START Input for this task
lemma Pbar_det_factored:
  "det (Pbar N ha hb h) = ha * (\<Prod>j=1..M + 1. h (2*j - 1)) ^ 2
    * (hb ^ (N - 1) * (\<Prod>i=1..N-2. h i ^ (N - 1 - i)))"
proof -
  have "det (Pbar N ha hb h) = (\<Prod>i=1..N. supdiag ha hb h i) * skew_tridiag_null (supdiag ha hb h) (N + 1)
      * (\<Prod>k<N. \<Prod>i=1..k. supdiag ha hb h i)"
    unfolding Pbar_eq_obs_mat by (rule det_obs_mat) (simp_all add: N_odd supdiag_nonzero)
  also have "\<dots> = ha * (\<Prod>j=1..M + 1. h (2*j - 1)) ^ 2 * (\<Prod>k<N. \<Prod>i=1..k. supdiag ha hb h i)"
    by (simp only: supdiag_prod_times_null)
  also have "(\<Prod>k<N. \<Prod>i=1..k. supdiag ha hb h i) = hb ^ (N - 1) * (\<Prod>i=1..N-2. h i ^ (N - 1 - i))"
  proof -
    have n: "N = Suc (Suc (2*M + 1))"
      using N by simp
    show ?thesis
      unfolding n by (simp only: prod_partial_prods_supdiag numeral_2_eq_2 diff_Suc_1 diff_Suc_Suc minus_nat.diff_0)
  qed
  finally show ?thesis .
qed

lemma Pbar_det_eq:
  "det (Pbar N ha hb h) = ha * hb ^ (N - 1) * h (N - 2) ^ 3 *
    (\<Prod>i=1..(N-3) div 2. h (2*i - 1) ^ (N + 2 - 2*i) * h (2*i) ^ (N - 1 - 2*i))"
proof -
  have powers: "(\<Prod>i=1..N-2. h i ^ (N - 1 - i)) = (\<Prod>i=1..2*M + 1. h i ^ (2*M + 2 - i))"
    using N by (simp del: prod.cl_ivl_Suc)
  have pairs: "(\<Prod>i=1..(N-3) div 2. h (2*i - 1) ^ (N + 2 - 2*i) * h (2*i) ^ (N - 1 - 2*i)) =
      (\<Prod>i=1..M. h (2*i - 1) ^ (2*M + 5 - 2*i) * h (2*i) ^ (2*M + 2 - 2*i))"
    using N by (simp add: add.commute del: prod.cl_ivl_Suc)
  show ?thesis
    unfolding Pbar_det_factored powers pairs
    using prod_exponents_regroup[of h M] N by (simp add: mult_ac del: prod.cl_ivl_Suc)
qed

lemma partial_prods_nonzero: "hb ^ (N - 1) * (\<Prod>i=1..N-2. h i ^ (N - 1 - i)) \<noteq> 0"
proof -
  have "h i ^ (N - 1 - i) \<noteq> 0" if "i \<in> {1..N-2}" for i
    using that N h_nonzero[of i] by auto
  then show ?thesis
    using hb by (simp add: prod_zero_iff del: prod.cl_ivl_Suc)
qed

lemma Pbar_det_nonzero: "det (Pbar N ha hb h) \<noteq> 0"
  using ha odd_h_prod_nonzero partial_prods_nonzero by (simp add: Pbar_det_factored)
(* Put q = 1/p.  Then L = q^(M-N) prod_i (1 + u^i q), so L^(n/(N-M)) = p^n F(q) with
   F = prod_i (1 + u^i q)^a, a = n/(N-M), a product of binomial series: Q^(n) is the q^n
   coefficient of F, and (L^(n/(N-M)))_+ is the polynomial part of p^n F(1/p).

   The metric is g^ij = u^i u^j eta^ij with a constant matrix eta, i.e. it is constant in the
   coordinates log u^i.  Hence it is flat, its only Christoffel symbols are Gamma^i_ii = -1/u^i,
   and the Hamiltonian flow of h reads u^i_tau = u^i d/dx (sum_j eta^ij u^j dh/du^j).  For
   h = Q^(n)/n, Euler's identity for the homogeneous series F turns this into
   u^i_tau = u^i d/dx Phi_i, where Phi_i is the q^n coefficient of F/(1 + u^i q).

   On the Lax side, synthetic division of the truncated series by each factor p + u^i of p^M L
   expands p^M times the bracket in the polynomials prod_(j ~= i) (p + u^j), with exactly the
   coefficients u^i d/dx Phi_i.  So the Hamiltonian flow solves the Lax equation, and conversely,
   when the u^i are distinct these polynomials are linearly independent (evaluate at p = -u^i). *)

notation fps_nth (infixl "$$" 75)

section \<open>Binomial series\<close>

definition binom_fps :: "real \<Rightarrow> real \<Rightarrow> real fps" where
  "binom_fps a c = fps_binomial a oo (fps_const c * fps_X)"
END Input for this task
= Assignment =
Tell how many lines of the listing above contain "Hamiltonian", giving the number alone.

= Solution below =
2